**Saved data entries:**
lemma lang_aug_snoc_iff:
  "s @ [e] \<in> lang_aug dH q0 N \<longleftrightarrow> (\<exists>x. ext_delta dH q0 s = Some x \<and> e \<in> Gamma_aug dH N x)"
proof -
  have "s @ [e] \<in> lang_aug dH q0 N \<longleftrightarrow>
      (\<exists>y. ext_delta (aug_delta dH N) (St q0) s = Some y \<and> aug_delta dH N y e \<noteq> None)"
    by (auto simp: lang_aug_def lang_def ext_delta_snoc split: option.splits)
  also have "\<dots> \<longleftrightarrow>
      (\<exists>x. ext_delta (aug_delta dH N) (St q0) s = Some (St x) \<and> aug_delta dH N (St x) e \<noteq> None)"
  proof -
    have "aug_delta dH N y e \<noteq> None \<Longrightarrow> \<exists>x. y = St x" for y
      by (cases y) (simp_all add: aug_delta_def)
    then show ?thesis
      by blast
  qed
  finally show ?thesis
    by (simp add: ext_delta_aug_St Gamma_aug_def active_def)
qed

lemma proj_append [simp]: "proj So (a @ b) = proj So a @ proj So b"
  by (simp add: proj_def)

lemma proj_Nil [simp]: "proj So [] = []"
  by (simp add: proj_def)

lemma proj_Cons: "proj So (e # s) = (if e \<in> So then e # proj So s else proj So s)"
  by (simp add: proj_def)

lemma proj_take_Suc:
  "d < length s \<Longrightarrow>
   proj So (take (Suc d) s) = (if s ! d \<in> So then proj So (take d s) @ [s ! d] else proj So (take d s))"
  by (simp add: take_Suc_conv_app_nth proj_def)

lemma length_proj_take_mono:
  "j \<le> j' \<Longrightarrow> length (proj So (take j s)) \<le> length (proj So (take j' s))"
  using take_add[of j "j' - j" s] by simp
(* Let $\theta\in\mathbb{R}$ with $\omega_0:=\cos\theta\neq 0$, and put $\gamma=\sin\theta$. Let $|u_1\rangle=\tfrac{1}{\sqrt2}\begin{pmatrix}1\\1\end{pmatrix}$, $|u_2\rangle=\tfrac{1}{\sqrt2}\begin{pmatrix}1\\-1\end{pmatrix}$, let $T=\cos\tfrac{\theta}{2}\,\mathbf 1_2-2\sin\tfrac{\theta}{2}\,\sigma_2$, and let $|\phi_j\rangle=\omega_0T|u_j\rangle$, $|\chi_j\rangle=(T^{-1})^{\dagger}|u_j\rangle$. For $m=1,2,3$ define the $2\times2$ matrices $$\sigma_m^{\gamma}=\frac{i^{m+1}}{2}\sum_{j,k=1}^{2}\frac{c^{(m)}_{jk}}{\omega_0^{\delta_{m2}}}\,|\phi_j\rangle\langle\chi_k|.$$ Then for all $l,m\in\{1,2,3\}$, $$[\sigma_l^{\gamma},\sigma_m^{\gamma}]=i\sum_{n=1}^{3}\epsilon_{lmn}\,(1-\gamma^2\delta_{n2})\,\sigma_n^{\gamma}.$$
   Context: Here $\langle\chi_k|$ is the conjugate transpose of $|\chi_k\rangle$, $\dagger$ is conjugate transpose, $\sigma_2=\tfrac12\begin{pmatrix}0&-i\\ i&0\end{pmatrix}$, $\epsilon_{lmn}$ is the Levi-Civita symbol and $\delta$ the Kronecker delta. The coefficient matrices are $c^{(m)}=(c^{(m)}_{jk})_{j,k=1,2}$ with $c^{(1)}_{jk}=(-1)^j\delta_{jk}$, $c^{(3)}_{jk}=1-(-1)^jc^{(1)}_{jk}$ and $c^{(2)}_{jk}=(-1)^jc^{(3)}_{jk}$, i.e. $c^{(1)}=\begin{pmatrix}-1&0\\0&1\end{pmatrix}$, $c^{(2)}=\begin{pmatrix}0&-1\\1&0\end{pmatrix}$, $c^{(3)}=\begin{pmatrix}0&1\\1&0\end{pmatrix}$. *)

theory Defs
  imports "HOL-Analysis.Analysis"
begin

(* 2x2 complex matrices are complex^2^2, vectors complex^2; entries listed with vector [..]
   so that vector index 1 is the first component and 2 the second. *)

definition cmat_scale :: "complex \<Rightarrow> complex^2^2 \<Rightarrow> complex^2^2" where
  "cmat_scale c A = (\<chi> i j. c * A $ i $ j)"

definition conj_transpose :: "complex^2^2 \<Rightarrow> complex^2^2" where
  "conj_transpose A = (\<chi> i j. cnj (A $ j $ i))"

definition ket_bra :: "complex^2 \<Rightarrow> complex^2 \<Rightarrow> complex^2^2" where
  "ket_bra x y = (\<chi> i j. x $ i * cnj (y $ j))"

definition commutator :: "complex^2^2 \<Rightarrow> complex^2^2 \<Rightarrow> complex^2^2" where
  "commutator A B = A ** B - B ** A"

definition kdelta :: "nat \<Rightarrow> nat \<Rightarrow> complex" where
  "kdelta a b = (if a = b then 1 else 0)"

definition levi_civita :: "nat \<Rightarrow> nat \<Rightarrow> nat \<Rightarrow> complex" where
  "levi_civita l m n =
     (if (l,m,n) \<in> {(1,2,3),(2,3,1),(3,1,2)} then 1
      else if (l,m,n) \<in> {(1,3,2),(3,2,1),(2,1,3)} then -1 else 0)"

definition sigma2 :: "complex^2^2" where
  "sigma2 = cmat_scale (1/2) (vector [vector [0, -\<i>], vector [\<i>, 0]])"

definition c1 :: "nat \<Rightarrow> nat \<Rightarrow> complex" where
  "c1 j k = (-1) ^ j * kdelta j k"
definition c3 :: "nat \<Rightarrow> nat \<Rightarrow> complex" where
  "c3 j k = 1 - (-1) ^ j * c1 j k"
definition c2 :: "nat \<Rightarrow> nat \<Rightarrow> complex" where
  "c2 j k = (-1) ^ j * c3 j k"
definition coef :: "nat \<Rightarrow> nat \<Rightarrow> nat \<Rightarrow> complex" where
  "coef m j k = (if m = 1 then c1 j k else if m = 2 then c2 j k else c3 j k)"

definition u_vec :: "nat \<Rightarrow> complex^2" where
  "u_vec j = (if j = 1 then vector [complex_of_real (1 / sqrt 2), complex_of_real (1 / sqrt 2)]
              else vector [complex_of_real (1 / sqrt 2), - complex_of_real (1 / sqrt 2)])"

definition T_mat :: "real \<Rightarrow> complex^2^2" where
  "T_mat \<theta> = cmat_scale (complex_of_real (cos (\<theta>/2))) (mat 1)
              - cmat_scale (complex_of_real (2 * sin (\<theta>/2))) sigma2"

definition phi_vec :: "real \<Rightarrow> nat \<Rightarrow> complex^2" where
  "phi_vec \<theta> j = complex_of_real (cos \<theta>) *s (T_mat \<theta> *v u_vec j)"

definition chi_vec :: "real \<Rightarrow> nat \<Rightarrow> complex^2" where
  "chi_vec \<theta> j = conj_transpose (matrix_inv (T_mat \<theta>)) *v u_vec j"

definition sigma_gamma :: "real \<Rightarrow> nat \<Rightarrow> complex^2^2" where
  "sigma_gamma \<theta> m =
     cmat_scale (\<i> ^ (m + 1) / 2)
       (\<Sum>j\<in>{1,2::nat}. \<Sum>k\<in>{1,2::nat}.
          cmat_scale (coef m j k / complex_of_real (cos \<theta>) ^ (if m = 2 then 1 else 0))
            (ket_bra (phi_vec \<theta> j) (chi_vec \<theta> k)))"

end

theory Submission
  imports Defs
begin

(* Let P_m = sum_jk c^(m)_jk |u_j><u_k|. Since <chi_k| = <u_k| T^-1, the defining sum of
   sigma_m^gamma is a multiple of T P_m T^-1. In the orthonormal basis u_1, u_2 the coefficient
   matrices give P_1 = -sigma_x, P_2 = i sigma_y, P_3 = sigma_z, whence
     sigma_1^gamma = (omega_0/2) T sigma_x T^-1,   sigma_2^gamma = (1/2) T sigma_y T^-1,
     sigma_3^gamma = (omega_0/2) T sigma_z T^-1,
   and T is invertible because det T = omega_0. Conjugation by T preserves commutators, so the
   relations reduce to [sigma_x, sigma_y] = 2i sigma_z and its cyclic versions; the factor
   omega_0^2 = 1 - gamma^2 survives only in [sigma_3^gamma, sigma_1^gamma]. *)

lemma matrix_inv_left:
  fixes A :: "'a::semiring_1^'n^'m"
  assumes "invertible A"
  shows "matrix_inv A ** A = mat 1"
  using someI_ex[OF assms[unfolded invertible_def]] unfolding matrix_inv_def by blast

lemma matrix_mul_diff_left: "(A - B) ** C = A ** C - B ** C"
  for C :: "'a::comm_ring_1^'n^'m"
  by (simp add: vec_eq_iff matrix_matrix_mult_def left_diff_distrib sum_subtractf)

lemma matrix_mul_diff_right: "A ** (B - C) = A ** B - A ** C"
  for A :: "'a::comm_ring_1^'n^'m"
  by (simp add: vec_eq_iff matrix_matrix_mult_def right_diff_distrib sum_subtractf)

lemma matrix_mul_sum_left: "sum f I ** B = (\<Sum>i\<in>I. f i ** B)"
  for B :: "'a::comm_semiring_1^'n^'m"
  by (simp add: vec_eq_iff matrix_matrix_mult_def sum_component sum_distrib_right sum.swap[of _ I])

lemma matrix_mul_sum_right: "A ** sum f I = (\<Sum>i\<in>I. A ** f i)"
  for A :: "'a::comm_semiring_1^'n^'m"
  by (simp add: vec_eq_iff matrix_matrix_mult_def sum_component sum_distrib_left sum.swap[of _ I])

lemma cmat_scale_zero: "cmat_scale 0 A = 0" "cmat_scale c 0 = 0"
  by (simp_all add: cmat_scale_def vec_eq_iff)

lemma cmat_scale_uminus: "- cmat_scale c A = cmat_scale (- c) A" "cmat_scale c (- A) = cmat_scale (- c) A"
  by (simp_all add: cmat_scale_def vec_eq_iff)

lemma cmat_scale_scale: "cmat_scale a (cmat_scale b A) = cmat_scale (a * b) A"
  by (simp add: cmat_scale_def mult.assoc)

lemma cmat_scale_diff: "cmat_scale c (A - B) = cmat_scale c A - cmat_scale c B"
  by (simp add: cmat_scale_def vec_eq_iff right_diff_distrib)

lemma cmat_scale_sum: "cmat_scale c (sum f I) = (\<Sum>i\<in>I. cmat_scale c (f i))"
  by (simp add: cmat_scale_def vec_eq_iff sum_component sum_distrib_left)

lemma matrix_mul_cmat_scale_left: "cmat_scale c A ** B = cmat_scale c (A ** B)"
  by (simp add: cmat_scale_def vec_eq_iff matrix_matrix_mult_def sum_distrib_left mult.assoc)

lemma matrix_mul_cmat_scale_right: "A ** cmat_scale c B = cmat_scale c (A ** B)"
  by (simp add: cmat_scale_def vec_eq_iff matrix_matrix_mult_def sum_distrib_left mult.left_commute)

lemma ket_bra_scale_left: "ket_bra (c *s x) y = cmat_scale c (ket_bra x y)"
  by (simp add: ket_bra_def cmat_scale_def vec_eq_iff mult.assoc)

lemma ket_bra_mult_left: "ket_bra (A *v x) y = A ** ket_bra x y"
  by (simp add: ket_bra_def vec_eq_iff matrix_vector_mult_def matrix_matrix_mult_def
      sum_distrib_right mult.assoc)

lemma ket_bra_conj_transpose_right: "ket_bra x (conj_transpose B *v y) = ket_bra x y ** B"
  by (simp add: ket_bra_def conj_transpose_def vec_eq_iff matrix_vector_mult_def
      matrix_matrix_mult_def sum_distrib_left mult_ac)

lemma commutator_self: "commutator A A = 0"
  by (simp add: commutator_def)

lemma commutator_swap: "commutator A B = - commutator B A"
  by (simp add: commutator_def)

lemma commutator_cmat_scale:
  "commutator (cmat_scale a A) (cmat_scale b B) = cmat_scale (a * b) (commutator A B)"
  by (simp add: commutator_def matrix_mul_cmat_scale_left matrix_mul_cmat_scale_right
      cmat_scale_scale cmat_scale_diff mult.commute)

lemma commutator_similar:
  assumes "S ** T = mat 1"
  shows "commutator (T ** A ** S) (T ** B ** S) = T ** commutator A B ** S"
proof -
  have "T ** A ** S ** (T ** B ** S) = T ** (A ** B) ** S" for A B
    using assms by (metis matrix_mul_assoc matrix_mul_rid)
  then show ?thesis
    by (simp add: commutator_def matrix_mul_diff_left matrix_mul_diff_right)
qed

definition pauli_x :: "complex^2^2" where
  "pauli_x = vector [vector [0, 1], vector [1, 0]]"

definition pauli_y :: "complex^2^2" where
  "pauli_y = vector [vector [0, -\<i>], vector [\<i>, 0]]"

definition pauli_z :: "complex^2^2" where
  "pauli_z = vector [vector [1, 0], vector [0, -1]]"

lemmas pauli_defs = pauli_x_def pauli_y_def pauli_z_def

lemma commutator_pauli:
  "commutator pauli_x pauli_y = cmat_scale (2 * \<i>) pauli_z"
  "commutator pauli_y pauli_z = cmat_scale (2 * \<i>) pauli_x"
  "commutator pauli_z pauli_x = cmat_scale (2 * \<i>) pauli_y"
  by (simp_all add: commutator_def pauli_defs cmat_scale_def vec_eq_iff forall_2
      matrix_matrix_mult_def sum_2 mult.assoc)

definition coef_matrix :: "nat \<Rightarrow> complex^2^2" where
  "coef_matrix m =
     (\<Sum>j\<in>{1,2::nat}. \<Sum>k\<in>{1,2::nat}. cmat_scale (coef m j k) (ket_bra (u_vec j) (u_vec k)))"

lemma coef_matrix_pauli:
  "coef_matrix 1 = cmat_scale (-1) pauli_x"
  "coef_matrix 2 = cmat_scale \<i> pauli_y"
  "coef_matrix 3 = pauli_z"
proof -
  have "complex_of_real (sqrt 2) * complex_of_real (sqrt 2) = 2"
    by (simp flip: of_real_mult)
  then show "coef_matrix 1 = cmat_scale (-1) pauli_x" "coef_matrix 2 = cmat_scale \<i> pauli_y"
    "coef_matrix 3 = pauli_z"
    by (simp_all add: coef_matrix_def coef_def c1_def c2_def c3_def kdelta_def u_vec_def
        ket_bra_def cmat_scale_def pauli_defs vec_eq_iff forall_2)
qed

lemma ket_bra_phi_chi:
  "ket_bra (phi_vec \<theta> j) (chi_vec \<theta> k) =
     cmat_scale (cos \<theta>) (T_mat \<theta> ** ket_bra (u_vec j) (u_vec k) ** matrix_inv (T_mat \<theta>))"
  by (simp add: phi_vec_def chi_vec_def ket_bra_scale_left ket_bra_mult_left
      ket_bra_conj_transpose_right matrix_mul_cmat_scale_left matrix_mul_assoc)

lemma sigma_gamma_similar:
  "sigma_gamma \<theta> m =
     cmat_scale (\<i> ^ (m + 1) / 2 * (cos \<theta> / cos \<theta> ^ (if m = 2 then 1 else 0)))
       (T_mat \<theta> ** coef_matrix m ** matrix_inv (T_mat \<theta>))"
  unfolding sigma_gamma_def coef_matrix_def ket_bra_phi_chi
  by (simp only: cmat_scale_scale cmat_scale_sum matrix_mul_sum_left matrix_mul_sum_right
      matrix_mul_cmat_scale_left matrix_mul_cmat_scale_right) (simp add: ac_simps)

lemma det_T_mat: "det (T_mat \<theta>) = cos \<theta>"
proof -
  have "cos \<theta> = cos (2 * (\<theta>/2))"
    by simp
  also have "\<dots> = cos (\<theta>/2)^2 - sin (\<theta>/2)^2"
    by (rule cos_double)
  finally have "cos \<theta> = cos (\<theta>/2)^2 - sin (\<theta>/2)^2" .
  then show ?thesis
    by (simp add: det_2 T_mat_def sigma2_def cmat_scale_def mat_def power2_eq_square mult_ac)
qed

lemma invertible_T_mat: "cos \<theta> \<noteq> 0 \<Longrightarrow> invertible (T_mat \<theta>)"
  by (simp add: invertible_det_nz det_T_mat)

lemma sigma_gamma_pauli:
  assumes "cos \<theta> \<noteq> 0"
  shows "sigma_gamma \<theta> 1 =
      cmat_scale (cos \<theta> / 2) (T_mat \<theta> ** pauli_x ** matrix_inv (T_mat \<theta>))"
    "sigma_gamma \<theta> 2 =
      cmat_scale (1 / 2) (T_mat \<theta> ** pauli_y ** matrix_inv (T_mat \<theta>))"
    "sigma_gamma \<theta> 3 =
      cmat_scale (cos \<theta> / 2) (T_mat \<theta> ** pauli_z ** matrix_inv (T_mat \<theta>))"
  unfolding sigma_gamma_similar coef_matrix_pauli using assms
  by (simp_all add: matrix_mul_cmat_scale_left matrix_mul_cmat_scale_right cmat_scale_scale
      eval_nat_numeral)

lemma commutator_sigma_gamma:
  assumes "cos \<theta> \<noteq> 0"
  shows "commutator (sigma_gamma \<theta> 1) (sigma_gamma \<theta> 2) = cmat_scale \<i> (sigma_gamma \<theta> 3)"
    "commutator (sigma_gamma \<theta> 2) (sigma_gamma \<theta> 3) = cmat_scale \<i> (sigma_gamma \<theta> 1)"
    "commutator (sigma_gamma \<theta> 3) (sigma_gamma \<theta> 1) =
       cmat_scale (\<i> * (1 - (sin \<theta>)\<^sup>2)) (sigma_gamma \<theta> 2)"
proof -
  have inv: "matrix_inv (T_mat \<theta>) ** T_mat \<theta> = mat 1"
    using assms by (simp add: matrix_inv_left invertible_T_mat)
  have "complex_of_real (1 - (sin \<theta>)\<^sup>2) = (cos \<theta>)\<^sup>2"
    by (simp add: cos_squared_eq)
  then show "commutator (sigma_gamma \<theta> 1) (sigma_gamma \<theta> 2) = cmat_scale \<i> (sigma_gamma \<theta> 3)"
    "commutator (sigma_gamma \<theta> 2) (sigma_gamma \<theta> 3) = cmat_scale \<i> (sigma_gamma \<theta> 1)"
    "commutator (sigma_gamma \<theta> 3) (sigma_gamma \<theta> 1) =
       cmat_scale (\<i> * (1 - (sin \<theta>)\<^sup>2)) (sigma_gamma \<theta> 2)"
    unfolding sigma_gamma_pauli[OF assms]
    by (simp_all add: commutator_cmat_scale commutator_similar[OF inv] commutator_pauli
        matrix_mul_cmat_scale_left matrix_mul_cmat_scale_right cmat_scale_scale power2_eq_square)
qed

lemma sum_123: "(\<Sum>n\<in>{1,2,3::nat}. f n) = f 1 + f 2 + f 3"
  by (simp add: add.assoc)

theorem mainTheorem2:
  fixes \<theta> :: real and l m :: nat
  assumes "cos \<theta> \<noteq> 0"
    and "l \<in> {1,2,3}" and "m \<in> {1,2,3}"
  shows "commutator (sigma_gamma \<theta> l) (sigma_gamma \<theta> m) =
    cmat_scale \<i> (\<Sum>n\<in>{1,2,3::nat}.
      cmat_scale (levi_civita l m n * (1 - complex_of_real ((sin \<theta>)\<^sup>2) * kdelta n 2))
        (sigma_gamma \<theta> n))"
  \<comment> \<open>One_nat_def would turn the index 1 into Suc 0, which the lemmas above no longer match.\<close>
  using assms(2,3)
  by (auto simp del: One_nat_def simp add: sum_123 levi_civita_def kdelta_def commutator_self
      commutator_swap[of "sigma_gamma \<theta> 2" "sigma_gamma \<theta> 1"]
      commutator_swap[of "sigma_gamma \<theta> 3" "sigma_gamma \<theta> 2"]
      commutator_swap[of "sigma_gamma \<theta> 1" "sigma_gamma \<theta> 3"]
      commutator_sigma_gamma[OF assms(1)] cmat_scale_zero cmat_scale_uminus
      cmat_scale_scale right_diff_distrib)

end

**WHAT IS EXPECTED:** Print exactly the lines from the one containing "by (simp_all add: commutator_cmat_scale" through the last line of the records above, both included.

**RESULT OF THE TASK:**
    by (simp_all add: commutator_cmat_scale commutator_similar[OF inv] commutator_pauli
        matrix_mul_cmat_scale_left matrix_mul_cmat_scale_right cmat_scale_scale power2_eq_square)
qed

lemma sum_123: "(\<Sum>n\<in>{1,2,3::nat}. f n) = f 1 + f 2 + f 3"
  by (simp add: add.assoc)

theorem mainTheorem2:
  fixes \<theta> :: real and l m :: nat
  assumes "cos \<theta> \<noteq> 0"
    and "l \<in> {1,2,3}" and "m \<in> {1,2,3}"
  shows "commutator (sigma_gamma \<theta> l) (sigma_gamma \<theta> m) =
    cmat_scale \<i> (\<Sum>n\<in>{1,2,3::nat}.
      cmat_scale (levi_civita l m n * (1 - complex_of_real ((sin \<theta>)\<^sup>2) * kdelta n 2))
        (sigma_gamma \<theta> n))"
  \<comment> \<open>One_nat_def would turn the index 1 into Suc 0, which the lemmas above no longer match.\<close>
  using assms(2,3)
  by (auto simp del: One_nat_def simp add: sum_123 levi_civita_def kdelta_def commutator_self
      commutator_swap[of "sigma_gamma \<theta> 2" "sigma_gamma \<theta> 1"]
      commutator_swap[of "sigma_gamma \<theta> 3" "sigma_gamma \<theta> 2"]
      commutator_swap[of "sigma_gamma \<theta> 1" "sigma_gamma \<theta> 3"]
      commutator_sigma_gamma[OF assms(1)] cmat_scale_zero cmat_scale_uminus
      cmat_scale_scale right_diff_distrib)

end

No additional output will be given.